Per esempio, i tassi elevati di politilene osservati in alcune aree dell’Artico, potrebbero provenire dal settimo continente, quella massa gigantesca di plastica che galleggia nell’oceano Pacifico. Per quanto riguarda i residui di pittura e di nylon, sembrerebbe che risultino da un inquinamento locale legato all’attivita’ umana -essenzialmente la decomposizione degli scafi dipinti di barche e reti da pesca -suggerendo che lo sviluppo di queste attivita’ nell’Artico “lascia delle tracce”, secondo quanto rilevato da Ilka Peekan, primo autore dello studio.

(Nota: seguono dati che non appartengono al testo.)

(* Let $N\ge3$ and let $a_1,\dots,a_N\in\mathbb{Z}^2$ with $\sum_i a_i=0$. Then $\theta_N(a_1,\dots,a_N)=\frac{N!}{3!}\mu_N(a_1,\dots,a_N)$.
   Context: For $v,w\in\mathbb{Z}^2$, $v\wedge w=\det(v\,|\,w)$ and $[v\wedge w]_+=q^{\frac12 v\wedge w}+q^{-\frac12 v\wedge w}$ for a formal variable $q^{1/2}$. Let $\Omega_N$ be the set of cyclic permutations: orbits of the action of the cyclic group of order $N$ on orderings $(\tilde\omega(1),\dots,\tilde\omega(N))$ of $\{1,\dots,N\}$ by rotating positions. For $\omega\in\Omega_N$ choose a representative $\tilde\omega$ and set $k(\omega)=\sum_{2\le i<j\le N}a_{\tilde\omega(i)}\wedge a_{\tilde\omega(j)}$ (independent of the representative since $\sum a_i=0$). Define $\mu_N(a_1,\dots,a_N)=\sum_{\omega\in\Omega_N}q^{k(\omega)/2}$. The Blechman–Shustin multiplicity is defined recursively by $\theta_3(a_1,a_2,a_3)=[a_1\wedge a_2]_+$ and, for $N\ge4$, $\theta_N(a_1,\dots,a_N)=\sum_{1\le i<j\le N}\theta_{N-1}(a_1,\dots,\hat a_i,\dots,\hat a_j,\dots,a_N,a_i+a_j)\,\theta_3(a_i,a_j,-(a_i+a_j))$, where hats denote omission. *)

theory Defs
  imports "HOL-Computational_Algebra.Formal_Laurent_Series" "HOL-Library.Product_Plus"
begin

text \<open>Vectors in Z^2 are pairs of integers. Laurent polynomials in the formal
variable t = q^(1/2) are formal Laurent series over the rationals; q^(m/2) = t^m.\<close>

type_synonym vec2 = "int \<times> int"
type_synonym lpoly = "rat fls"

definition wedge :: "vec2 \<Rightarrow> vec2 \<Rightarrow> int" where
  "wedge v w = fst v * snd w - snd v * fst w"

definition qhalf :: "int \<Rightarrow> lpoly" where
  "qhalf m = fls_X_intpow m"

definition bracket_plus :: "vec2 \<Rightarrow> vec2 \<Rightarrow> lpoly" where
  "bracket_plus v w = qhalf (wedge v w) + qhalf (- wedge v w)"

definition theta3 :: "vec2 \<Rightarrow> vec2 \<Rightarrow> vec2 \<Rightarrow> lpoly" where
  "theta3 a1 a2 a3 = bracket_plus a1 a2"

definition merge_pair :: "vec2 list \<Rightarrow> nat \<Rightarrow> nat \<Rightarrow> vec2 list" where
  "merge_pair xs i j =
     map (\<lambda>k. xs ! k) (filter (\<lambda>k. k \<noteq> i \<and> k \<noteq> j) [0..<length xs]) @ [xs ! i + xs ! j]"

lemma length_merge_pair:
  assumes "i < j" "j < length xs"
  shows "length (merge_pair xs i j) < length xs"
proof -
  have "length (filter (\<lambda>k. k \<noteq> i \<and> k \<noteq> j) [0..<length xs]) < length xs - 1"
  proof -
    have "length (filter (\<lambda>k. k \<noteq> i \<and> k \<noteq> j) [0..<length xs])
          = card ({0..<length xs} - {i, j})"
      by (simp add: length_filter_conv_card, rule arg_cong[where f=card], auto)
    also have "\<dots> = length xs - 2" using assms by (subst card_Diff_subset) auto
    finally show ?thesis using assms by simp
  qed
  then show ?thesis unfolding merge_pair_def by simp
qed

text \<open>Blechman--Shustin multiplicity theta_N, N = length of the list (positions 0-based).
 For lists of length < 3 it is not defined in the paper; we set it to 0 (never used).\<close>
function theta :: "vec2 list \<Rightarrow> lpoly" where
  "theta xs =
    (if length xs < 3 then 0
     else if length xs = 3 then theta3 (xs ! 0) (xs ! 1) (xs ! 2)
     else (\<Sum>(i, j) \<in> {(i, j). i < j \<and> j < length xs}.
             theta (merge_pair xs i j) * theta3 (xs ! i) (xs ! j) (- (xs ! i + xs ! j))))"
  by pat_completeness auto
termination
  apply (relation "measure length")
   apply simp
  apply (auto simp: length_merge_pair)
  done

declare theta.simps[simp del]

definition orderings :: "nat \<Rightarrow> nat list set" where
  "orderings N = {p. distinct p \<and> set p = {0..<N}}"

definition rot_orbit :: "nat list \<Rightarrow> nat list set" where
  "rot_orbit p = {rotate r p | r. r < length p}"

definition cyclic_perms :: "nat \<Rightarrow> nat list set set" where
  "cyclic_perms N = rot_orbit ` orderings N"

text \<open>k(omega) for a representative ordering p: sum over positions 2 <= i < j <= N
 (1-based), i.e. 1 <= i < j < N (0-based).\<close>
definition k_ord :: "vec2 list \<Rightarrow> nat list \<Rightarrow> int" where
  "k_ord a p = (\<Sum>(i, j) \<in> {(i, j). 1 \<le> i \<and> i < j \<and> j < length a}.
                   wedge (a ! (p ! i)) (a ! (p ! j)))"

definition mu :: "vec2 list \<Rightarrow> lpoly" where
  "mu a = (\<Sum>\<omega> \<in> cyclic_perms (length a). qhalf (k_ord a (SOME p. p \<in> \<omega>)))"

end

Se le microplastiche sono di una taglia inferiore ai cinque millimetri, i due terzi di quelle prelevate durante le spedizioni del Polarstern, misurano al massimo una ventina di millimetri. “Questo significa che potrebbero essere facilmente ingeriti dai micro-organsmi dell’Artico, come i ciliati o copepodi (la maggiore componente del zooplancton)”, dice Peeken.
Quali sono le ripercussioni ambientali e sanitarie? La ricerca in merito é solo all’inizio. Per il momento, “nessuno puo’ affermare con certezza a che punto queste minuscole particelle di plastica siano suscettibili di essere pericolose per la vita marina, e altrettanto per gli esseri umani”.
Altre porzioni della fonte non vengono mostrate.